■ ABOUT THIS EXERCISE
In the material below, find each line holding the string "close" and copy it.

■ STORED DATA
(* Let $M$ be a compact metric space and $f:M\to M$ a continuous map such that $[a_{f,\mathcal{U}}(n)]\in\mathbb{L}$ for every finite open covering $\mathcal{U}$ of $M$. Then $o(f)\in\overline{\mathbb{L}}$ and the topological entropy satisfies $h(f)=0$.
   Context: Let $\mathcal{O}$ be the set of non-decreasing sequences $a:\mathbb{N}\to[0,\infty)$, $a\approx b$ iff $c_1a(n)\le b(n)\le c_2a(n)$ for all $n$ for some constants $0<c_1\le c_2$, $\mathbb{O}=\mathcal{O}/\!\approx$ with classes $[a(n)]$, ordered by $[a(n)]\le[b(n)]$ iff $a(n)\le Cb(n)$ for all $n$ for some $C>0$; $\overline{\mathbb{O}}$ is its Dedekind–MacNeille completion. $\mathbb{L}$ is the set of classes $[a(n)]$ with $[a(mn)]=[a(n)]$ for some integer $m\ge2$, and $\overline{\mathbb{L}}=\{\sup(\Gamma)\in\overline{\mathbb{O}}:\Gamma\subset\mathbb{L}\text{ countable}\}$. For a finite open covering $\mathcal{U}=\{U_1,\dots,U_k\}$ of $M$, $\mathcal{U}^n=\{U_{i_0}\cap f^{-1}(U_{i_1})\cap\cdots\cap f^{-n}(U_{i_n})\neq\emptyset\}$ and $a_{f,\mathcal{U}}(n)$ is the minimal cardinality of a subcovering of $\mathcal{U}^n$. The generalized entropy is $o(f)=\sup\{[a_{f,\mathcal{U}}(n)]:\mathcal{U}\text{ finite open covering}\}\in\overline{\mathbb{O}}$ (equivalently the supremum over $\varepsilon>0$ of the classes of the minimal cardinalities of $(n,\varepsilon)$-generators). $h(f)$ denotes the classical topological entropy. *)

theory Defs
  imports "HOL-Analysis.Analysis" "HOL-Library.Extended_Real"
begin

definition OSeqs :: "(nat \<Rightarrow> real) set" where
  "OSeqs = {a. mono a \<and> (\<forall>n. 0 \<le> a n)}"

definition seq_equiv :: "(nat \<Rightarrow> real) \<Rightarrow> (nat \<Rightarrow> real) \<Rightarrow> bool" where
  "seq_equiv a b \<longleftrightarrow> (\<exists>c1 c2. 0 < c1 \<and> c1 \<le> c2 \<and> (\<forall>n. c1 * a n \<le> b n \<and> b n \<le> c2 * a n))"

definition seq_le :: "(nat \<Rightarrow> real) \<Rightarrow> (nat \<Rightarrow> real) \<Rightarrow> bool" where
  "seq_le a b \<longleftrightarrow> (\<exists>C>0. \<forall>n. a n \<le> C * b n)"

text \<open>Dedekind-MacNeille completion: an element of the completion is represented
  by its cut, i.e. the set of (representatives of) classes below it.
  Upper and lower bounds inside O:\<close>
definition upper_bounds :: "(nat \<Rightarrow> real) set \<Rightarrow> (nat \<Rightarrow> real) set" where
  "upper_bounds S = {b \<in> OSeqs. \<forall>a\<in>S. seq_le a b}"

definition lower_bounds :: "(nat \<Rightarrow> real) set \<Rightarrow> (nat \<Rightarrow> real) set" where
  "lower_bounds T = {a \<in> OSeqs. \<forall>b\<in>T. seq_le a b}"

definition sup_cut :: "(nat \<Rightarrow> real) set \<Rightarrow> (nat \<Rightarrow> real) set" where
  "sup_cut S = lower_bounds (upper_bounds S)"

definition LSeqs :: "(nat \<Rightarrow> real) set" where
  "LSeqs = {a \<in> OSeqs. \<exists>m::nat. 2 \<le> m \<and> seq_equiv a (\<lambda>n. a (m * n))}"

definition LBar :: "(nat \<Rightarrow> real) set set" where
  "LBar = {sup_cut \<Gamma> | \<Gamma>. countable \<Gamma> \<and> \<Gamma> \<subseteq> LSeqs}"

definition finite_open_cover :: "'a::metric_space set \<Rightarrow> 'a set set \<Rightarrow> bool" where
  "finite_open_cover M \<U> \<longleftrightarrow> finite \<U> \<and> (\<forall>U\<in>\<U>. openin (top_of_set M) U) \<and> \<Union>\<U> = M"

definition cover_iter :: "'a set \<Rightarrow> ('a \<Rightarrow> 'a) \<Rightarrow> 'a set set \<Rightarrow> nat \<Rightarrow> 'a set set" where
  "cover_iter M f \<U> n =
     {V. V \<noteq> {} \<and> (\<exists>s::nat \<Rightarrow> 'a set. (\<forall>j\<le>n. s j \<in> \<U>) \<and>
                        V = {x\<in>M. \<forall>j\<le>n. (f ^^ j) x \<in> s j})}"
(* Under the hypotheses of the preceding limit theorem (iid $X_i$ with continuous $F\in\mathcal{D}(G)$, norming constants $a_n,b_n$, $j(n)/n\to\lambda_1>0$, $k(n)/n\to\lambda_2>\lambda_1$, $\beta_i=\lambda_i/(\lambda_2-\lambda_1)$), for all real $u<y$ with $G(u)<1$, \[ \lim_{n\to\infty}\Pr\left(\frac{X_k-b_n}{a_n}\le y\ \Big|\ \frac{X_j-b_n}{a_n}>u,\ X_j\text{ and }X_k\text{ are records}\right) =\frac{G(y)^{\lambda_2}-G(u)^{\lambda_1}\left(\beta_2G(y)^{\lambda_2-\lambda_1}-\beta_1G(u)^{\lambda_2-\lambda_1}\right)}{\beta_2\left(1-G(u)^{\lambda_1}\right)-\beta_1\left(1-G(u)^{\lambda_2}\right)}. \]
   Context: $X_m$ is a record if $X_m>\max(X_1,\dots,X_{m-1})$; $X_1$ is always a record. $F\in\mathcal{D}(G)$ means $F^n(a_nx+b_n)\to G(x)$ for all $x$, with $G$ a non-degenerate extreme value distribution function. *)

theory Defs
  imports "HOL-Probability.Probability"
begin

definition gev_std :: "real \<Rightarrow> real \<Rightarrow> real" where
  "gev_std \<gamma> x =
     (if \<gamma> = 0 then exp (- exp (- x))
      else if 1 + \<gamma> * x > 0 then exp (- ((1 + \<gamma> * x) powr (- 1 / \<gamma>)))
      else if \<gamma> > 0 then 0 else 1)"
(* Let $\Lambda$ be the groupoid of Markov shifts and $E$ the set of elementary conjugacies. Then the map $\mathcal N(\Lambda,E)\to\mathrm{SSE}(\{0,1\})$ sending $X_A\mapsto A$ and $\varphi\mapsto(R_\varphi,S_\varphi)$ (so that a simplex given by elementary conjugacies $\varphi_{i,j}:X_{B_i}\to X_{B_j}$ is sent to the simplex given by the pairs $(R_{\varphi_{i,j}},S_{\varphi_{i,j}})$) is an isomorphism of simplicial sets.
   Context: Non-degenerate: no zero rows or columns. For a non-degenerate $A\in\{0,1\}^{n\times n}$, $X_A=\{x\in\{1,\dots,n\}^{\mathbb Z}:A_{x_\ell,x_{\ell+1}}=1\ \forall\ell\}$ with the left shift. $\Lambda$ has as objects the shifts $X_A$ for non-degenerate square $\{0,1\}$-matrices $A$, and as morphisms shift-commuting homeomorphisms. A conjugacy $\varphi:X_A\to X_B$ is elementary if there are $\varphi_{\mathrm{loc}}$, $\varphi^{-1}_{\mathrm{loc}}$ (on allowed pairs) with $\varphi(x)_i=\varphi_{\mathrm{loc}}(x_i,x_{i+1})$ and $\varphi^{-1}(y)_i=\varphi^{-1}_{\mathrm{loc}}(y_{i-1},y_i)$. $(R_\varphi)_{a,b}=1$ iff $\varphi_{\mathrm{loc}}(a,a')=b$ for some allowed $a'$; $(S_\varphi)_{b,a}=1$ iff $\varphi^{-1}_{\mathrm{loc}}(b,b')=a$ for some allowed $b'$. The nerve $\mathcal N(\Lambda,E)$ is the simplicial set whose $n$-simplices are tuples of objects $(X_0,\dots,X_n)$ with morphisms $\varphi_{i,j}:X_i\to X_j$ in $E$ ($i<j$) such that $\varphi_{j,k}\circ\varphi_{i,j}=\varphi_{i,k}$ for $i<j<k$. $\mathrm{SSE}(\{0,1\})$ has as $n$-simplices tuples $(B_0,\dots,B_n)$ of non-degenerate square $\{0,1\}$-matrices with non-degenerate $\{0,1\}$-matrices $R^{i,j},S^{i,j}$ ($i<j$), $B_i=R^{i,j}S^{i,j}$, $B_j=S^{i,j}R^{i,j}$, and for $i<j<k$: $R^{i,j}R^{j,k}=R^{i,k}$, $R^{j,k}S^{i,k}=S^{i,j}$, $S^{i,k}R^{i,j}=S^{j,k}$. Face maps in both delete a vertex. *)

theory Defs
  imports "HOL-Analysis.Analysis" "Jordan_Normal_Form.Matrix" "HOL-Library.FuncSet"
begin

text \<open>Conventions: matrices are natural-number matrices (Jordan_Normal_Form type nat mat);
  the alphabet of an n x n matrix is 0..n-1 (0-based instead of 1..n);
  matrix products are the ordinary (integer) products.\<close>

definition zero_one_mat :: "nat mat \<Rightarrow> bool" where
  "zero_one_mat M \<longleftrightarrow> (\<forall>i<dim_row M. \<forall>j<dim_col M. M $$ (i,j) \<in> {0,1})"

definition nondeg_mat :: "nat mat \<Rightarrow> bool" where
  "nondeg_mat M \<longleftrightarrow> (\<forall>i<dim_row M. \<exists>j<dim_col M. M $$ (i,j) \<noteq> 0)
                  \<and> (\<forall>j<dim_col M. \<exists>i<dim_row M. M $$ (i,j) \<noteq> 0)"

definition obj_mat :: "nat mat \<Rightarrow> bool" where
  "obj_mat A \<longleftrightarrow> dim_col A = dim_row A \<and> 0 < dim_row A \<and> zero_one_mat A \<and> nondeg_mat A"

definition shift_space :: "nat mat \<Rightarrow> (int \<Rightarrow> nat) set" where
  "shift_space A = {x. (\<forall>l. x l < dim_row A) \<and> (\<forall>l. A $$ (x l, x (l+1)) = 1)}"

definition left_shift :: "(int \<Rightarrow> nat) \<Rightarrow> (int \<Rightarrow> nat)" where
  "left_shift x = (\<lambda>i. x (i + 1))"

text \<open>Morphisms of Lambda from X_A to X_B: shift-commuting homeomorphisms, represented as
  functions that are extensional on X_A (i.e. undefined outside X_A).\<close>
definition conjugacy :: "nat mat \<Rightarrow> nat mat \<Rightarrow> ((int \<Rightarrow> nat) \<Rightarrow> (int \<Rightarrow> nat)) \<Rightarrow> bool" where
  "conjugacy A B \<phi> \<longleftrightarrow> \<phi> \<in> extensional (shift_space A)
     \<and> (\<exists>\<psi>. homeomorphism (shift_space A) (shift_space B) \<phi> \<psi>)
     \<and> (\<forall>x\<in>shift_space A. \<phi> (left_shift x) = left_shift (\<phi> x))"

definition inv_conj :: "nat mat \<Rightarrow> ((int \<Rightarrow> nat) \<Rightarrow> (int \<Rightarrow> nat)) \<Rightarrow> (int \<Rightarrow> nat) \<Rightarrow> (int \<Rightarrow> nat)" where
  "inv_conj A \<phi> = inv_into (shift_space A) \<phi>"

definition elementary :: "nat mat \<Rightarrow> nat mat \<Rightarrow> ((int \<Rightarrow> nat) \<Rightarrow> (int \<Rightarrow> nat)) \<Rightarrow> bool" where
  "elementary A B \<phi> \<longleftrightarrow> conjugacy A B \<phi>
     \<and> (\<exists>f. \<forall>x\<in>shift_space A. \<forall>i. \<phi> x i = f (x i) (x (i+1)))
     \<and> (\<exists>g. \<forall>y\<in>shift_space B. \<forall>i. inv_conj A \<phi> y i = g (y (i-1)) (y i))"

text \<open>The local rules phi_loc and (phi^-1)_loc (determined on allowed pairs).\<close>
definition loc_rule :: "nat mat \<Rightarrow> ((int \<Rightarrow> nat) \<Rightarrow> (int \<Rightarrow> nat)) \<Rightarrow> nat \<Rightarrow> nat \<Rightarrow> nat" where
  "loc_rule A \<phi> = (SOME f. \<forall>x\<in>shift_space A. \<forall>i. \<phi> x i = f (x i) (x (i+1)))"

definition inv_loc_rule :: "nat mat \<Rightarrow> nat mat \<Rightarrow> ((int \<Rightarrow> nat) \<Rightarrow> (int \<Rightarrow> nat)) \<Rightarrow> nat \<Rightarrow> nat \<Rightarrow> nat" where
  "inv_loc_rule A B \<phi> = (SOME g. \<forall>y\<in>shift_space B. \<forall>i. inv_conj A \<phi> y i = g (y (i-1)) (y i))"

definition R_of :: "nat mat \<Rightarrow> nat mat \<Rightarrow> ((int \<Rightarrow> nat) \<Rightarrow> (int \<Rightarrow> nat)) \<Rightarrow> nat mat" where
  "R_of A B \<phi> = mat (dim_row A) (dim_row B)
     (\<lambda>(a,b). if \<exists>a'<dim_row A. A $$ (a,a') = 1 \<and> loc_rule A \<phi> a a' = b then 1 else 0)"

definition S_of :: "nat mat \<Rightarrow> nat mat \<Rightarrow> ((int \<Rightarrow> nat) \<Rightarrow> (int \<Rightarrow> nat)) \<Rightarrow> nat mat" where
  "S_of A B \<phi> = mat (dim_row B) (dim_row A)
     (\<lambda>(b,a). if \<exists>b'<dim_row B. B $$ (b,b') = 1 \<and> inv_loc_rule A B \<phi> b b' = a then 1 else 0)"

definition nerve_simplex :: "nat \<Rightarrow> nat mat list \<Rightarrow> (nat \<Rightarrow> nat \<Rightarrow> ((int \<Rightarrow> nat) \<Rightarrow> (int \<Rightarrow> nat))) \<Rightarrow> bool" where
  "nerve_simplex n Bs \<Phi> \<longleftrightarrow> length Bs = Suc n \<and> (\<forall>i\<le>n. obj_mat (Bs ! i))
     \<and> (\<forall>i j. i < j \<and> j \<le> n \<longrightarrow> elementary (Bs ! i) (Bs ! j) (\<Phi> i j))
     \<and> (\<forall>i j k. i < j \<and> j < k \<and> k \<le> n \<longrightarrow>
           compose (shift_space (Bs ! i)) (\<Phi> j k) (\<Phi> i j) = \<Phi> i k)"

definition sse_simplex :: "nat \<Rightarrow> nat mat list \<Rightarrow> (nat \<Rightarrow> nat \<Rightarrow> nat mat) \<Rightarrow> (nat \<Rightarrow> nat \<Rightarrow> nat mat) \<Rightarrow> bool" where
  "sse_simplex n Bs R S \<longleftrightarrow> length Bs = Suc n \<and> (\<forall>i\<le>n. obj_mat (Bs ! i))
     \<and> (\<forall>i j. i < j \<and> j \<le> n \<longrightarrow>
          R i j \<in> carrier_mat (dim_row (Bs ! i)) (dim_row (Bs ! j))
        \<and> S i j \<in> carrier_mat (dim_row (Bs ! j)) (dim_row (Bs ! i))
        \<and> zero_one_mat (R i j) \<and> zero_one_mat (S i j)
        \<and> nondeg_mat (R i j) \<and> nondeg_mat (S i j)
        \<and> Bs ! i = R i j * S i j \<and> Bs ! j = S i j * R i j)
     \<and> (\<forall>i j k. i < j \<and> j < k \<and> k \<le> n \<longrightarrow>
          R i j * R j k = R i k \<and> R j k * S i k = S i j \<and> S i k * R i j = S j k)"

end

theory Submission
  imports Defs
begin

■ YOUR RESPONSE
  Upper and lower bounds inside O:\<close>
  matrix products are the ordinary (integer) products.\<close>
  functions that are extensional on X_A (i.e. undefined outside X_A).\<close>
text \<open>The local rules phi_loc and (phi^-1)_loc (determined on allowed pairs).\<close>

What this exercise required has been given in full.